__Exercise details__
From the entries below, gather every line containing the string "axioms".

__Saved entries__
-.-.-

(* There is an algorithm which, given a propositional Hilbert-type calculus $\mathbf{C}$ and a positive integer $m$, computes all $m$-valued covers $\mathbf{M}$ of $\mathbf{C}$ with $V(\mathbf{M})=\{1,\ldots,m\}$ that are minimal with respect to $\lhd$ among such covers (i.e., there is no $m$-valued cover $\mathbf{M}'$ of $\mathbf{C}$ with $V(\mathbf{M}')=\{1,\ldots,m\}$ and $\mathbf{M}'\lhd\mathbf{M}$).
   Context: A propositional language has variables $X_1,X_2,\ldots$ and finitely many connectives with arities. A propositional Hilbert-type calculus $\mathbf{C}$ is given by a finite set of axioms (formulas) and a finite set of rules, each consisting of finitely many premise formulas and a conclusion formula. An $m$-valued logic $\mathbf{M}$ is given by a set $V(\mathbf{M})$ of $m$ truth values, designated values $V^+(\mathbf{M})\subseteq V(\mathbf{M})$, and a truth function for each connective; valuations map variables to truth values and extend to formulas; a valuation satisfies $F$ if $F$ gets a designated value; a tautology is a formula satisfied by every valuation; $\mathrm{Taut}(\mathbf{M})$ is the set of tautologies. $\mathbf{M}$ is a cover for $\mathbf{C}$ ($\mathbf{C}$ is strongly sound for $\mathbf{M}$) if every axiom of $\mathbf{C}$ is a tautology of $\mathbf{M}$ and, for every rule of $\mathbf{C}$, every valuation satisfying all premises satisfies the conclusion. $\mathbf{M}_1\lhd\mathbf{M}_2$ means $\mathrm{Taut}(\mathbf{M}_1)\subsetneq\mathrm{Taut}(\mathbf{M}_2)$. *)

theory Defs
  imports Main "HOL-Library.Nat_Bijection"
begin

datatype recf = Z | S | Id nat | Cn recf "recf list" | Pr recf recf | Mn recf

inductive rf_eval :: "recf \<Rightarrow> nat list \<Rightarrow> nat \<Rightarrow> bool" where
  rf_Z: "rf_eval Z xs 0"
| rf_S: "rf_eval S (x # xs) (Suc x)"
| rf_Id: "i < length xs \<Longrightarrow> rf_eval (Id i) xs (xs ! i)"
| rf_Cn: "list_all2 (\<lambda>g y. rf_eval g xs y) gs ys \<Longrightarrow> rf_eval f ys z \<Longrightarrow> rf_eval (Cn f gs) xs z"
| rf_Pr0: "rf_eval f xs z \<Longrightarrow> rf_eval (Pr f g) (0 # xs) z"
| rf_PrS: "rf_eval (Pr f g) (n # xs) r \<Longrightarrow> rf_eval g (r # n # xs) z
           \<Longrightarrow> rf_eval (Pr f g) (Suc n # xs) z"
| rf_Mn: "rf_eval f (n # xs) 0 \<Longrightarrow> (\<forall>k<n. \<exists>v. v > 0 \<and> rf_eval f (k # xs) v)
           \<Longrightarrow> rf_eval (Mn f) xs n"

text \<open>A language is given by the list of arities of its connectives (connective c has
arity ar ! c, for c < length ar). Variables X_1, X_2, ... are Var 0, Var 1, ...\<close>

datatype form = Var nat | App nat "form list"

fun wf_form :: "nat list \<Rightarrow> form \<Rightarrow> bool" where
  "wf_form ar (Var n) = True"
| "wf_form ar (App c fs) = (c < length ar \<and> length fs = ar ! c \<and> (\<forall>f\<in>set fs. wf_form ar f))"

definition wf_calc :: "nat list \<Rightarrow> form list \<Rightarrow> (form list \<times> form) list \<Rightarrow> bool" where
  "wf_calc ar axs rls \<longleftrightarrow> (\<forall>a\<in>set axs. wf_form ar a) \<and>
     (\<forall>(ps, c)\<in>set rls. (\<forall>p\<in>set ps. wf_form ar p) \<and> wf_form ar c)"

text \<open>A logic is a pair (designated values, truth functions); truth function of connective c
applied to the argument list.\<close>

type_synonym logic = "nat set \<times> (nat \<Rightarrow> nat list \<Rightarrow> nat)"

definition is_logic :: "nat list \<Rightarrow> nat \<Rightarrow> logic \<Rightarrow> bool" where
  "is_logic ar m M \<longleftrightarrow> fst M \<subseteq> {1..m} \<and>
     (\<forall>c<length ar. \<forall>args. length args = ar ! c \<and> set args \<subseteq> {1..m} \<longrightarrow> snd M c args \<in> {1..m})"

fun evalf :: "(nat \<Rightarrow> nat list \<Rightarrow> nat) \<Rightarrow> (nat \<Rightarrow> nat) \<Rightarrow> form \<Rightarrow> nat" where
  "evalf F v (Var n) = v n"
| "evalf F v (App c fs) = F c (map (evalf F v) fs)"

definition valuation :: "nat \<Rightarrow> (nat \<Rightarrow> nat) \<Rightarrow> bool" where
  "valuation m v \<longleftrightarrow> (\<forall>n. v n \<in> {1..m})"

definition satisfies :: "logic \<Rightarrow> (nat \<Rightarrow> nat) \<Rightarrow> form \<Rightarrow> bool" where
  "satisfies M v F \<longleftrightarrow> evalf (snd M) v F \<in> fst M"

definition Taut :: "nat list \<Rightarrow> nat \<Rightarrow> logic \<Rightarrow> form set" where
  "Taut ar m M = {F. wf_form ar F \<and> (\<forall>v. valuation m v \<longrightarrow> satisfies M v F)}"

definition is_cover :: "nat list \<Rightarrow> nat \<Rightarrow> form list \<Rightarrow> (form list \<times> form) list \<Rightarrow> logic \<Rightarrow> bool" where
  "is_cover ar m axs rls M \<longleftrightarrow> (\<forall>a\<in>set axs. a \<in> Taut ar m M) \<and>
     (\<forall>(ps, c)\<in>set rls. \<forall>v. valuation m v \<longrightarrow> (\<forall>p\<in>set ps. satisfies M v p) \<longrightarrow> satisfies M v c)"

definition lhd :: "nat list \<Rightarrow> nat \<Rightarrow> logic \<Rightarrow> logic \<Rightarrow> bool" where
  "lhd ar m M1 M2 \<longleftrightarrow> Taut ar m M1 \<subset> Taut ar m M2"

definition minimal_cover :: "nat list \<Rightarrow> nat \<Rightarrow> form list \<Rightarrow> (form list \<times> form) list \<Rightarrow> logic \<Rightarrow> bool" where
  "minimal_cover ar m axs rls M \<longleftrightarrow> is_logic ar m M \<and> is_cover ar m axs rls M \<and>
     \<not> (\<exists>M'. is_logic ar m M' \<and> is_cover ar m axs rls M' \<and> lhd ar m M' M)"

definition same_logic :: "nat list \<Rightarrow> nat \<Rightarrow> logic \<Rightarrow> logic \<Rightarrow> bool" where
  "same_logic ar m M M' \<longleftrightarrow> fst M = fst M' \<and>
     (\<forall>c<length ar. \<forall>args. length args = ar ! c \<and> set args \<subseteq> {1..m} \<longrightarrow> snd M c args = snd M' c args)"

fun enc_form :: "form \<Rightarrow> nat" where
  "enc_form (Var n) = prod_encode (0, n)"
| "enc_form (App c fs) = prod_encode (1, prod_encode (c, list_encode (map enc_form fs)))"

definition enc_rule :: "form list \<times> form \<Rightarrow> nat" where
  "enc_rule r = prod_encode (list_encode (map enc_form (fst r)), enc_form (snd r))"

definition enc_input :: "nat list \<Rightarrow> form list \<Rightarrow> (form list \<times> form) list \<Rightarrow> nat \<Rightarrow> nat" where
  "enc_input ar axs rls m = list_encode [list_encode ar, list_encode (map enc_form axs),
      list_encode (map enc_rule rls), m]"

text \<open>A finite description of a logic: list of designated values and a finite truth table
((connective, arguments), value).\<close>

type_synonym logic_code = "nat list \<times> ((nat \<times> nat list) \<times> nat) list"

definition logic_of_code :: "logic_code \<Rightarrow> logic" where
  "logic_of_code k = (set (fst k),
     (\<lambda>c args. case map_of (snd k) (c, args) of Some y \<Rightarrow> y | None \<Rightarrow> 1))"

definition enc_entry :: "(nat \<times> nat list) \<times> nat \<Rightarrow> nat" where
  "enc_entry e = prod_encode (prod_encode (fst (fst e), list_encode (snd (fst e))), snd e)"

definition enc_code :: "logic_code \<Rightarrow> nat" where
  "enc_code k = prod_encode (list_encode (fst k), list_encode (map enc_entry (snd k)))"

end

theory Submission
  imports Defs "HOL-Library.FuncSet"
begin

(*
  The algorithm enumerates all codes of finite truth tables up to an explicit bound and keeps
  those describing covers that have no strictly smaller cover among the enumerated codes. Every
  m-valued logic agrees on {1..m} with the logic of a canonical table whose code lies below the
  bound, so up to same_logic no minimal cover is missed.

  Being a logic and being a cover are finite checks, since the axioms and rules mention only
  finitely many variables. Inclusion of tautology sets is decidable as well: a tautology of M1
  falsified in M2 can be renamed into one in the variables X_1, ..., X_m; and the pairs of truth
  tables (for M1 and for M2) on m variables realised by formulas of depth at most d stop growing
  as soon as two consecutive depths agree, which happens before depth K = (m^2)^(m^m). So it
  suffices to test the finitely many well-formed formulas in m variables of depth at most K.
  All these tests are obtained from primitive recursion, bounded search and course-of-values
  recursion on codes, hence are computed by a partial recursive function.
*)

section \<open>Closure properties of the partial recursive functions\<close>

definition computable :: "(nat \<Rightarrow> nat) \<Rightarrow> bool" where
  "computable f \<longleftrightarrow> (\<exists>p. \<forall>x. rf_eval p [x] (f x))"

definition computable2 :: "(nat \<Rightarrow> nat \<Rightarrow> nat) \<Rightarrow> bool" where
  "computable2 f \<longleftrightarrow> (\<exists>p. \<forall>x y. rf_eval p [x, y] (f x y))"

lemma computable_id: "computable (\<lambda>x. x)"
  unfolding computable_def using rf_Id[of 0 "[_]"] by auto

lemma computable2_fst: "computable2 (\<lambda>x y. x)"
  unfolding computable2_def using rf_Id[of 0 "[_, _]"] by auto

lemma computable2_snd: "computable2 (\<lambda>x y. y)"
  unfolding computable2_def using rf_Id[of 1 "[_, _]"] by auto

lemma computable_Suc: "computable f \<Longrightarrow> computable (\<lambda>x. Suc (f x))"
proof -
  assume "computable f"
  then obtain p where p: "\<forall>x. rf_eval p [x] (f x)" unfolding computable_def by blast
  have "rf_eval (Cn S [p]) [x] (Suc (f x))" for x
    by (rule rf_Cn[where ys = "[f x]"]) (auto simp: p rf_S)
  then show ?thesis unfolding computable_def by blast
qed

lemma computable_const: "computable (\<lambda>x. c)"
proof (induction c)
  case 0
  show ?case unfolding computable_def using rf_Z by blast
next
  case (Suc c)
  from computable_Suc[OF this] show ?case .
qed

lemma computable_compose2:
  "computable2 h \<Longrightarrow> computable f \<Longrightarrow> computable g \<Longrightarrow> computable (\<lambda>x. h (f x) (g x))"
proof -
  assume "computable2 h" "computable f" "computable g"
  then obtain ph pf pg where ph: "\<forall>x y. rf_eval ph [x, y] (h x y)"
    and pf: "\<forall>x. rf_eval pf [x] (f x)" and pg: "\<forall>x. rf_eval pg [x] (g x)"
    unfolding computable_def computable2_def by blast
  have "rf_eval (Cn ph [pf, pg]) [x] (h (f x) (g x))" for x
    by (rule rf_Cn[where ys = "[f x, g x]"]) (auto simp: ph pf pg)
  then show ?thesis unfolding computable_def by blast
qed

lemma computable2_compose2:
  "computable2 h \<Longrightarrow> computable2 f \<Longrightarrow> computable2 g \<Longrightarrow> computable2 (\<lambda>x y. h (f x y) (g x y))"
proof -
  assume "computable2 h" "computable2 f" "computable2 g"
  then obtain ph pf pg where ph: "\<forall>x y. rf_eval ph [x, y] (h x y)"
    and pf: "\<forall>x y. rf_eval pf [x, y] (f x y)" and pg: "\<forall>x y. rf_eval pg [x, y] (g x y)"
    unfolding computable2_def by blast
  have "rf_eval (Cn ph [pf, pg]) [x, y] (h (f x y) (g x y))" for x y
    by (rule rf_Cn[where ys = "[f x y, g x y]"]) (auto simp: ph pf pg)
  then show ?thesis unfolding computable2_def by blast
qed

lemma computable2_compose: "computable h \<Longrightarrow> computable2 f \<Longrightarrow> computable2 (\<lambda>x y. h (f x y))"
proof -
  assume "computable h" "computable2 f"
  then obtain ph pf where ph: "\<forall>x. rf_eval ph [x] (h x)"
    and pf: "\<forall>x y. rf_eval pf [x, y] (f x y)"
    unfolding computable_def computable2_def by blast
  have "rf_eval (Cn ph [pf]) [x, y] (h (f x y))" for x y
    by (rule rf_Cn[where ys = "[f x y]"]) (auto simp: ph pf)
  then show ?thesis unfolding computable2_def by blast
qed

lemma computable2_const: "computable2 (\<lambda>x y. c)"
  using computable2_compose[OF computable_const computable2_fst] .

lemma computable_from_computable2: "computable2 h \<Longrightarrow> computable (\<lambda>x. h x c)"
  using computable_compose2[OF _ computable_id computable_const] .

text \<open>The recursion scheme realised by \<^const>\<open>Pr\<close>; the step function does not see the
  parameter \<open>x\<close>, which suffices until pairing is available.\<close>

lemma computable2_rec:
  assumes g: "computable g" and h: "computable2 h"
    and f0: "\<And>x. f 0 x = g x" and fSuc: "\<And>n x. f (Suc n) x = h (f n x) n"
  shows "computable2 f"
proof -
  obtain pg ph where pg: "\<forall>x. rf_eval pg [x] (g x)" and ph: "\<forall>x y. rf_eval ph [x, y] (h x y)"
    using g h unfolding computable_def computable2_def by blast
  have step: "rf_eval (Cn ph [Id 0, Id 1]) [r, n, x] (h r n)" for r n x
    by (rule rf_Cn[where ys = "[r, n]"]) (auto simp: ph intro: rf_Id[of 0 "[_, _, _]", simplified]
        rf_Id[of 1 "[_, _, _]", simplified])
  have "rf_eval (Pr pg (Cn ph [Id 0, Id 1])) [n, x] (f n x)" for n x
  proof (induction n)
    case 0
    show ?case by (simp add: f0 rf_Pr0 pg)
  next
    case (Suc n)
    show ?case using rf_PrS[OF Suc step] by (simp add: fSuc)
  qed
  then show ?thesis unfolding computable2_def by blast
qed

lemma computable2_add: "computable2 (+)"
proof (rule computable2_rec[where g = "\<lambda>x. x" and h = "\<lambda>r k. Suc r"])
  show "computable2 (\<lambda>r k. Suc r)"
    by (rule computable2_compose[OF computable_Suc[OF computable_id] computable2_fst])
qed (simp_all add: computable_id)

lemma computable_pred: "computable (\<lambda>n. n - 1)"
proof -
  have "computable2 (\<lambda>n x. n - 1)"
    by (rule computable2_rec[where g = "\<lambda>x. 0" and h = "\<lambda>r k. k"])
      (auto intro: computable_const computable2_snd)
  from computable_from_computable2[OF this] show ?thesis .
qed
(* Let $(X_t)_{t\ge1}$ be i.i.d. random variables in $[0,1]$ with variance $\sigma^2>0$, fix $\alpha\in(0,1)$, and define $\widehat\mu_t$, $\widehat\sigma_t^2$ and $\lambda_t$ as follows: $\widehat\mu_0=1/2$ and $\widehat\sigma_0^2=1/4$, and for $t\ge1$, $\widehat\mu_t=(1/2+\sum_{i\le t}X_i)/(t+1)$, $\widehat\sigma_t^2=(1/4+\sum_{i\le t}(X_i-\widehat\mu_i)^2)/(t+1)$ and $\lambda_t=\sqrt{2\log(2/\alpha)/(\widehat\sigma_{t-1}^2\,t\log(1+t))}\wedge\frac12$. Then, almost surely, \[ \sum_{i\le t}(X_i-\widehat\mu_{i-1})^2\,\psi_E(\lambda_i)\sim\log(2/\alpha)\,\log\log t . \]
   Context: $\psi_E(x)=-\log(1-x)-x$ for $x\in[0,1)$. $f(t)\sim g(t)$ means $f(t)/g(t)\to1$ as $t\to\infty$. *)

theory Defs
  imports "HOL-Probability.Probability" "HOL-Library.Landau_Symbols"
begin

definition psiE :: "real \<Rightarrow> real" where
  "psiE x = - ln (1 - x) - x"

definition mu_hat :: "(nat \<Rightarrow> 'a \<Rightarrow> real) \<Rightarrow> nat \<Rightarrow> 'a \<Rightarrow> real" where
  "mu_hat X t \<omega> = (1/2 + (\<Sum>i=1..t. X i \<omega>)) / (real t + 1)"

definition sigma2_hat :: "(nat \<Rightarrow> 'a \<Rightarrow> real) \<Rightarrow> nat \<Rightarrow> 'a \<Rightarrow> real" where
  "sigma2_hat X t \<omega> = (1/4 + (\<Sum>i=1..t. (X i \<omega> - mu_hat X i \<omega>)^2)) / (real t + 1)"

definition lam :: "real \<Rightarrow> (nat \<Rightarrow> 'a \<Rightarrow> real) \<Rightarrow> nat \<Rightarrow> 'a \<Rightarrow> real" where
  "lam \<alpha> X t \<omega> = min (sqrt (2 * ln (2 / \<alpha>) /
      (sigma2_hat X (t - 1) \<omega> * real t * ln (1 + real t)))) (1/2)"

end

theory Submission
  imports Defs "HOL-Real_Asymp.Real_Asymp"
begin

text \<open>Since lambda_i tends to 0 and psi_E(x) ~ x^2/2 at 0, the i-th summand is
  log(2/alpha) w_i (X_i - mu_hat_(i-1))^2 / sigma2_hat_(i-1) (1 + o(1)), where w_i = 1/(i log(1+i)).
  By the strong law of large numbers (Hoeffding plus Borel-Cantelli, the variables being bounded)
  the running estimates converge to mu and sigma^2, so the summand is
  log(2/alpha) w_i ((X_i - mu)^2/sigma^2 + o(1)). The weights decrease, satisfy t w_(t+1) -> 0 and
  have partial sums log log t + O(1); summation by parts then shows that the w-weighted means of
  (X_i - mu)^2/sigma^2 inherit its Cesaro limit 1, while the o(1) terms are negligible by
  Toeplitz's lemma.\<close>

section \<open>Weighted means\<close>

lemma weighted_sum_null_div:
  fixes v b W :: "nat \<Rightarrow> real"
  assumes v_nonneg: "\<And>i. v i \<ge> 0" and b: "b \<longlonglongrightarrow> 0"
    and W: "filterlim W at_top sequentially" and v_sum_le: "\<And>t. (\<Sum>i=1..t. v i) \<le> W t"
  shows "(\<lambda>t. (\<Sum>i=1..t. v i * b i) / W t) \<longlonglongrightarrow> 0"
proof (rule tendstoI)
  fix e :: real assume e: "e > 0"
  obtain N where N: "\<And>i. i \<ge> N \<Longrightarrow> \<bar>b i\<bar> \<le> e / 2"
    using b e unfolding LIMSEQ_def dist_real_def by (metis diff_zero half_gt_zero less_eq_real_def)
  define K where "K = (\<Sum>i<N. v i * \<bar>b i\<bar>)"
  have bound: "\<bar>\<Sum>i=1..t. v i * b i\<bar> \<le> K + e / 2 * W t" for t
  proof -
    have "\<bar>\<Sum>i=1..t. v i * b i\<bar> \<le> (\<Sum>i=1..t. v i * \<bar>b i\<bar>)"
      by (rule order_trans[OF sum_abs]) (simp add: abs_mult v_nonneg)
    also have "\<dots> \<le> (\<Sum>i=1..t. (if i < N then v i * \<bar>b i\<bar> else 0) + e / 2 * v i)"
    proof (rule sum_mono)
      fix i
      have "i \<ge> N \<Longrightarrow> v i * \<bar>b i\<bar> \<le> v i * (e / 2)"
        using N v_nonneg by (intro mult_left_mono)
      then show "v i * \<bar>b i\<bar> \<le> (if i < N then v i * \<bar>b i\<bar> else 0) + e / 2 * v i"
        using v_nonneg[of i] e by (cases "i < N") (simp_all add: mult.commute)
    qed
    also have "\<dots> = (\<Sum>i\<in>{1..t} \<inter> {..<N}. v i * \<bar>b i\<bar>) + e / 2 * (\<Sum>i=1..t. v i)"
      by (simp add: sum.distrib sum_distrib_left sum.inter_restrict)
    also have "\<dots> \<le> K + e / 2 * W t"
      unfolding K_def using v_nonneg v_sum_le[of t] e
      by (intro add_mono sum_mono2 mult_left_mono) auto
    finally show ?thesis .
  qed
  have "\<forall>\<^sub>F t in sequentially. W t > 2 * K / e"
    using W by (simp add: filterlim_at_top_dense)
  then show "\<forall>\<^sub>F t in sequentially. dist ((\<Sum>i=1..t. v i * b i) / W t) 0 < e"
  proof eventually_elim
    case (elim t)
    have "K \<ge> 0" unfolding K_def using v_nonneg by (intro sum_nonneg) auto
    then have W_pos: "W t > 0" using elim e
      by (metis divide_nonneg_pos mult_nonneg_nonneg order_le_less_trans zero_le_numeral)
    have "K < e / 2 * W t" using elim e by (simp add: field_simps)
    then show ?case using bound[of t] W_pos by (simp add: abs_divide pos_divide_less_eq)
  qed
qed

-.-.-

__Result for this exercise__
   Context: A propositional language has variables $X_1,X_2,\ldots$ and finitely many connectives with arities. A propositional Hilbert-type calculus $\mathbf{C}$ is given by a finite set of axioms (formulas) and a finite set of rules, each consisting of finitely many premise formulas and a conclusion formula. An $m$-valued logic $\mathbf{M}$ is given by a set $V(\mathbf{M})$ of $m$ truth values, designated values $V^+(\mathbf{M})\subseteq V(\mathbf{M})$, and a truth function for each connective; valuations map variables to truth values and extend to formulas; a valuation satisfies $F$ if $F$ gets a designated value; a tautology is a formula satisfied by every valuation; $\mathrm{Taut}(\mathbf{M})$ is the set of tautologies. $\mathbf{M}$ is a cover for $\mathbf{C}$ ($\mathbf{C}$ is strongly sound for $\mathbf{M}$) if every axiom of $\mathbf{C}$ is a tautology of $\mathbf{M}$ and, for every rule of $\mathbf{C}$, every valuation satisfying all premises satisfies the conclusion. $\mathbf{M}_1\lhd\mathbf{M}_2$ means $\mathrm{Taut}(\mathbf{M}_1)\subsetneq\mathrm{Taut}(\mathbf{M}_2)$. *)
  Being a logic and being a cover are finite checks, since the axioms and rules mention only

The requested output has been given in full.